The work is very detailed, especially in the methodological part. Graphs, figures, and tables greatly assist the reader in understanding the study. Since the methods and technical details of the work are carefully expressed, I suggest improving some small aspects of the introduction. For example, it would be useful and interesting, especially for non-Spanish readers, to introduce a brief discussion of the Basque language at the beginning, highlighting its lexical and/or syntactic differences from Spanish.
We thank Reviewer 1 for her/his good and encouraging comments. We have added a paragraph in Section 1 (lines 39-52) introducing the main characteristics of the Basque language and the most important differences (at the acoustic-phonetic, lexical and syntactic levels) with regard to Spanish.
Additionally, it would be beneficial to provide a better-defined purpose of the study, perhaps in a separate paragraph, to bring more clarity to the initial part.
We have added a couple of lines at the end of Section 1 (lines118-123) to summarize the main objectives of our study.
It is also recommended to explicitly mention the acronym WER in the abstract, as was correctly done for ASR.
This issue has been fixed in the revised paper.

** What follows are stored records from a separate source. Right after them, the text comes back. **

lemma finitely_determined_discovery_prob:
  assumes K: "exploration_rule K"
  shows "finitely_determined (\<lambda>c. discovery_prob K c v k)"
  unfolding finitely_determined_def
proof
  fix c :: "nat list \<Rightarrow> nat"
  have local: "discovery_prob K c' v k = discovery_prob K c v k"
    if eq: "\<forall>u\<in>tree_upto c k. c' u = c u" for c'
    unfolding discovery_prob_def expl_state_local[OF K eq le_SucI[OF order_refl]]
  proof (intro nn_integral_cong_AE AE_pmfI)
    fix s assume "s \<in> set_pmf (expl_state K c k)"
    then have "expl_step K c' s = expl_step K c s"
      by (intro expl_step_cong disclosed_cong_expl_state[OF K _ eq order_refl])
    then show "emeasure (expl_step K c' s) {s'. v \<in> fst s' - fst s}
        = emeasure (expl_step K c s) {s'. v \<in> fst s' - fst s}"
      by simp
  qed
  show "\<exists>F. finite F \<and> (\<forall>c'. (\<forall>i\<in>F. c' i = c i) \<longrightarrow> discovery_prob K c' v k = discovery_prob K c v k)"
    by (intro exI[of _ "tree_upto c k"] conjI allI impI local) (simp_all add: finite_tree_upto)
qed

lemma borel_measurable_discovery_prob:
  fixes Cp :: "nat list \<Rightarrow> (nat \<times> nat) pmf"
  assumes K: "exploration_rule K"
  shows "(\<lambda>c. discovery_prob K (\<lambda>u. fst (c u)) v k) \<in> borel_measurable (PiM_pmf Cp)"
proof (rule measurable_finitely_determined)
  show "finitely_determined (\<lambda>c. discovery_prob K (\<lambda>u. fst (c u)) v k)"
    using finitely_determined_map[where f="\<lambda>c. discovery_prob K c v k" and g=fst]
      finitely_determined_discovery_prob[OF K] by blast
qed simp_all

text \<open>Whether v is disclosed in a given step does not depend on the child numbers at v, so it is
  independent of a mismatch at v; and at most one vertex is disclosed per step.\<close>

lemma nn_integral_discovery_mismatch_le:
  fixes Cp :: "nat list \<Rightarrow> (nat \<times> nat) pmf"
  assumes K: "exploration_rule K"
    and mismatch: "\<And>v. v \<noteq> [] \<Longrightarrow> emeasure (Cp v) {z. fst z \<noteq> snd z} \<le> ennreal d"
  shows "(\<integral>\<^sup>+c. \<integral>\<^sup>+v. discovery_prob K (\<lambda>u. fst (c u)) v k * indicator {z. fst z \<noteq> snd z} (c v)
            \<partial>count_space UNIV \<partial>PiM_pmf Cp) \<le> ennreal d"
proof -
  let ?G = "\<lambda>v c. discovery_prob K (\<lambda>u. fst (c u)) v k"
  let ?h = "indicator {z :: nat \<times> nat. fst z \<noteq> snd z} :: nat \<times> nat \<Rightarrow> ennreal"
  interpret \<nu>: prob_space "PiM_pmf Cp" by (rule prob_space_PiM_pmf)
  note G = borel_measurable_discovery_prob[OF K]
  have hv: "(\<lambda>c. ?h (c v)) \<in> borel_measurable (PiM_pmf Cp)" for v
    by measurable
  have "(\<integral>\<^sup>+c. ?G v c * ?h (c v) \<partial>PiM_pmf Cp) \<le> (\<integral>\<^sup>+c. ?G v c \<partial>PiM_pmf Cp) * ennreal d" for v
  proof (cases "v = []")
    case False
    have "(\<integral>\<^sup>+c. ?G v c * ?h (c v) \<partial>PiM_pmf Cp)
        = (\<integral>\<^sup>+c. ?G v c \<partial>PiM_pmf Cp) * emeasure (Cp v) {z. fst z \<noteq> snd z}"
      by (subst nn_integral_PiM_indep_coordinate[OF measure_pmf.prob_space_axioms G])
         (auto intro: discovery_prob_cong[OF K])
    then show ?thesis using mismatch[OF False] by (simp add: mult_left_mono)
  qed (simp add: discovery_prob_root[OF K])
  then have "(\<integral>\<^sup>+c. \<integral>\<^sup>+v. ?G v c * ?h (c v) \<partial>count_space UNIV \<partial>PiM_pmf Cp)
      \<le> (\<integral>\<^sup>+v. (\<integral>\<^sup>+c. ?G v c \<partial>PiM_pmf Cp) * ennreal d \<partial>count_space UNIV)"
    by (subst nn_integral_count_space_swap)
       (auto intro!: nn_integral_mono borel_measurable_times_ennreal G hv simp:
         \<nu>.sigma_finite_measure_axioms)
  also have "\<dots> = (\<integral>\<^sup>+c. \<integral>\<^sup>+v. ?G v c \<partial>count_space UNIV \<partial>PiM_pmf Cp) * ennreal d"
    by (simp add: nn_integral_multc nn_integral_count_space_swap[OF _ G]
      \<nu>.sigma_finite_measure_axioms)
  also have "\<dots> \<le> (\<integral>\<^sup>+c. 1 \<partial>PiM_pmf Cp) * ennreal d"
    by (intro mult_right_mono nn_integral_mono nn_integral_discovery_prob_le_1[OF K]) simp
  finally show ?thesis by (simp add: \<nu>.emeasure_space_1)
qed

Thanks for pointing out this issue.
Author Response File: Author Response.pdf
Reviewer 2 Report
This paper presents a semisupervised iterative method based on bilingual ASR which can be useful to build a Speech Dataset from Basque parliament sessions, including speech in two different languages. Although the approach stems from similar semisupervised approaches, as pointed out by the authors, this proposal includes a different way to face ASR from a unique common phoneme recognizer for both languages plus a grapheme to phoneme converter. The methodology is clearly stated in general and the results are really promising, although some issues should be addressed before final acceptance of the paper:
1. The title might be not the most appropriate, since it seems the Speech dataset is only valid for ASR, which is not the case. It has been extracted from Basque parliament sessions using (o from) a Bilingual Basque-Spanish ASR but it is not 'for' it.
2. In lines 53 to 57, where the LM is presented, the authors assert a proposition without quantifying or backing it on some reference to previous works. How the number of switching points was measured? What was the percentage over the length? Was this above expected by what reason? Why it might not generalize well? Please, discuss further.

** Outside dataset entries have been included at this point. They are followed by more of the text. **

lemma mem_multi_indices_iff: "h \<in> multi_indices n \<longleftrightarrow> multi_size h \<le> n"
proof -
  have "h i \<le> multi_size h" for i
    unfolding multi_size_def by (rule member_le_sum) auto
  then show ?thesis
    unfolding multi_indices_def multi_size_def by (auto intro: le_trans)
qed

lemma finite_multi_indices: "finite (multi_indices n :: ('n::finite \<Rightarrow> nat) set)"
proof (rule finite_subset)
  show "multi_indices n \<subseteq> PiE UNIV (\<lambda>_::'n. {..n})"
    unfolding multi_indices_def by (auto simp: PiE_def extensional_def)
qed (intro finite_PiE; simp)

lemma multi_indices_0: "multi_indices 0 = {0 :: 'n::finite \<Rightarrow> nat}"
  by (auto simp: mem_multi_indices_iff multi_size_def fun_eq_iff)

lemma multi_size_add: "multi_size (h + k) = multi_size h + multi_size k"
  by (simp add: multi_size_def sum.distrib)

lemma multi_size_unit_index: "multi_size (unit_index i :: 'n::finite \<Rightarrow> nat) = 1"
  by (simp add: multi_size_def)

lemma prod_fact_add_unit_index:
  fixes k :: "'n::finite \<Rightarrow> nat"
  shows "(\<Prod>j\<in>UNIV. fact ((k + unit_index i) j) :: real) = real (Suc (k i)) * (\<Prod>j\<in>UNIV. fact (k j))"
proof -
  have "(\<Prod>j\<in>UNIV. fact ((k + unit_index i) j) :: real)
      = fact (Suc (k i)) * (\<Prod>j\<in>UNIV - {i}. fact (k j))"
    by (subst prod.remove[of UNIV i]) (auto intro!: prod.cong)
  also have "\<dots> = real (Suc (k i)) * (fact (k i) * (\<Prod>j\<in>UNIV - {i}. fact (k j)))"
    by simp
  finally show ?thesis
    by (simp add: prod.remove[of UNIV i])
qed
lemma wide_corner_triangle_bounds:
  fixes d\<^sub>1 d\<^sub>2 x \<epsilon> T L :: real
  assumes "0 < d\<^sub>1" "0 < d\<^sub>2" "0 < x" "0 < \<epsilon>"
    and "L < min (ln (\<epsilon> / d\<^sub>1)) T + min (ln (\<epsilon> / d\<^sub>2)) T - ln (x / \<epsilon>)"
  shows "exp L * x < \<epsilon> * exp (2 * T)" and "exp L * (x * d\<^sub>1 * d\<^sub>2) < \<epsilon> ^ 3"
proof -
  define P where "P = min (\<epsilon> / d\<^sub>1) (exp T)"
  define Q where "Q = min (\<epsilon> / d\<^sub>2) (exp T)"
  have "exp L < exp (min (ln (\<epsilon> / d\<^sub>1)) T + min (ln (\<epsilon> / d\<^sub>2)) T - ln (x / \<epsilon>))"
    using assms(5) by simp
  also have "\<dots> = P * Q * \<epsilon> / x"
  proof -
    have "exp (min a b) = min (exp a) (exp b)" for a b :: real by (simp add: min_def)
    with assms(1-4) show ?thesis by (simp add: P_def Q_def exp_add exp_diff)
  qed
  finally have PQ: "exp L * x < P * Q * \<epsilon>"
    using assms(3) by (simp add: pos_less_divide_eq)
  have "P * Q * \<epsilon> \<le> exp T * exp T * \<epsilon>"
    unfolding P_def Q_def by (intro mult_mono mult_right_mono) (use assms in auto)
  moreover have "exp T * exp T = exp (2 * T)" by (simp flip: exp_add)
  ultimately show "exp L * x < \<epsilon> * exp (2 * T)"
    using PQ by (simp add: mult.commute)
  have "P * Q * \<epsilon> \<le> (\<epsilon> / d\<^sub>1) * (\<epsilon> / d\<^sub>2) * \<epsilon>"
    unfolding P_def Q_def by (intro mult_mono mult_right_mono) (use assms in auto)
  with PQ have "exp L * x < (\<epsilon> / d\<^sub>1) * (\<epsilon> / d\<^sub>2) * \<epsilon>" by linarith
  then have "exp L * x * (d\<^sub>1 * d\<^sub>2) < (\<epsilon> / d\<^sub>1) * (\<epsilon> / d\<^sub>2) * \<epsilon> * (d\<^sub>1 * d\<^sub>2)"
    using assms(1,2) by (intro mult_strict_right_mono) auto
  also have "\<dots> = \<epsilon> ^ 3"
    using assms(1,2) by (simp add: field_simps power3_eq_cube)
  finally show "exp L * (x * d\<^sub>1 * d\<^sub>2) < \<epsilon> ^ 3" by (simp add: mult_ac)
qed

lemma card_littlewood_set_ge_if_wide:
  assumes "1 \<le> n" "0 < dist_int (real n * \<alpha>)" "0 < dist_int (real n * \<beta>)"
    and "0 < \<epsilon>" "\<epsilon> < 1" "1 \<le> T"
    and "6 * ln T < min (ln (\<epsilon> / dist_int (real n * \<alpha>))) T
                    + min (ln (\<epsilon> / dist_int (real n * \<beta>))) T - ln (real n / \<epsilon>)"
  shows "T\<^sup>2 - 1 \<le> real (card (littlewood_set \<alpha> \<beta> (exp (2 * T)) (\<epsilon> ^ 3)))"
proof -
  let ?d = "real n * dist_int (real n * \<alpha>) * dist_int (real n * \<beta>)"
  define K where "K = nat \<lfloor>T\<^sup>2\<rfloor>"
  have "real K = of_int \<lfloor>T\<^sup>2\<rfloor>" unfolding K_def by simp
  then have K: "real K \<le> T\<^sup>2" "T\<^sup>2 - 1 \<le> real K"
    using floor_correct[of "T\<^sup>2"] by simp_all
  have "exp (6 * ln T) = exp (ln (T ^ 6))" using assms(6) by (simp add: ln_realpow)
  also have "\<dots> = T ^ 6" using assms(6) by simp
  finally have wide: "T ^ 6 * real n < \<epsilon> * exp (2 * T)" "T ^ 6 * ?d < \<epsilon> ^ 3"
    using wide_corner_triangle_bounds[OF assms(2,3) _ assms(4,7)] assms(1) by (simp_all add: mult_ac)
  have "real K \<le> T ^ 6"
    using K(1) power_increasing[of 2 6 T] assms(6) by linarith
  then have "real K * real n \<le> T ^ 6 * real n" by (simp add: mult_right_mono)
  also have "\<dots> < exp (2 * T)"
    using wide(1) assms(5) mult_strict_right_mono[of \<epsilon> 1 "exp (2 * T)"] exp_gt_zero[of "2 * T"]
    by linarith
  finally have "real K * real n < exp (2 * T)" .
  moreover have "real K ^ 3 * ?d \<le> \<epsilon> ^ 3"
  proof -
    have "real K ^ 3 \<le> (T\<^sup>2) ^ 3" using K(1) by (intro power_mono) auto
    then have "real K ^ 3 * ?d \<le> T ^ 6 * ?d"
      by (intro mult_right_mono) (simp_all add: dist_int_nonneg flip: power_mult)
    with wide(2) show ?thesis by linarith
  qed
  ultimately have "K \<le> card (littlewood_set \<alpha> \<beta> (exp (2 * T)) (\<epsilon> ^ 3))"
    using card_littlewood_set_ge_multiples assms(1) by blast
  with K(2) show ?thesis by linarith
qed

3. In line 95, the amount of speech data is quantified 'around 1000 hours', while in the abstract the specific amount of 998 is reported. Please correct to provide the same quantity.

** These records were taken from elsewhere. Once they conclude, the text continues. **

lemma power_series_on_polydisc_iter_partials:
  "power_series_on_polydisc n b f \<Longrightarrow> set ks \<subseteq> {..<n} \<Longrightarrow>
     power_series_on_polydisc n (iter_partial_coeffs ks b) (iter_partials ks f)"
  by (induction ks) (auto intro: power_series_on_polydisc_partial_deriv)

lemma prod_fact_incr:
  fixes \<beta> :: "nat \<Rightarrow> nat"
  assumes "k < n"
  shows "(\<Prod>l<n. fact ((\<beta>(k := \<beta> k + 1)) l) :: real) = real (\<beta> k + 1) * (\<Prod>l<n. fact (\<beta> l))"
proof -
  have "(\<Prod>l<n. fact ((\<beta>(k := \<beta> k + 1)) l) :: real) =
        fact (\<beta> k + 1) * (\<Prod>l\<in>{..<n}-{k}. fact ((\<beta>(k := \<beta> k + 1)) l))"
    using assms by (subst prod.remove[of _ k]) auto
  moreover have "(\<Prod>l\<in>{..<n}-{k}. fact ((\<beta>(k := \<beta> k + 1)) l) :: real) =
                 (\<Prod>l\<in>{..<n}-{k}. fact (\<beta> l))"
    by (intro prod.cong) auto
  moreover have "(\<Prod>l<n. fact (\<beta> l) :: real) = fact (\<beta> k) * (\<Prod>l\<in>{..<n}-{k}. fact (\<beta> l))"
    using assms by (subst prod.remove[of _ k]) auto
  ultimately show ?thesis by simp
qed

4. The description of the acoustic units in section 2.1 and the selection criteria should be supported by referente phonetic studies and corpus statistics for Basque, if available. Even if they are commonplaces, it deserves attention to include wel informed background on this.
5. The G2P presented in section 2.2 (line 140) ... is available for reproducibility in some repository? Is there any technical report to document it? Since it is a key component of the ASR system, a care should be given to provide more information and accesibility to this.
6. In line 142 and 143: how many dictionaries of know words, with how many words and from which origin? Are the pronunciations referred typical? According to which norm?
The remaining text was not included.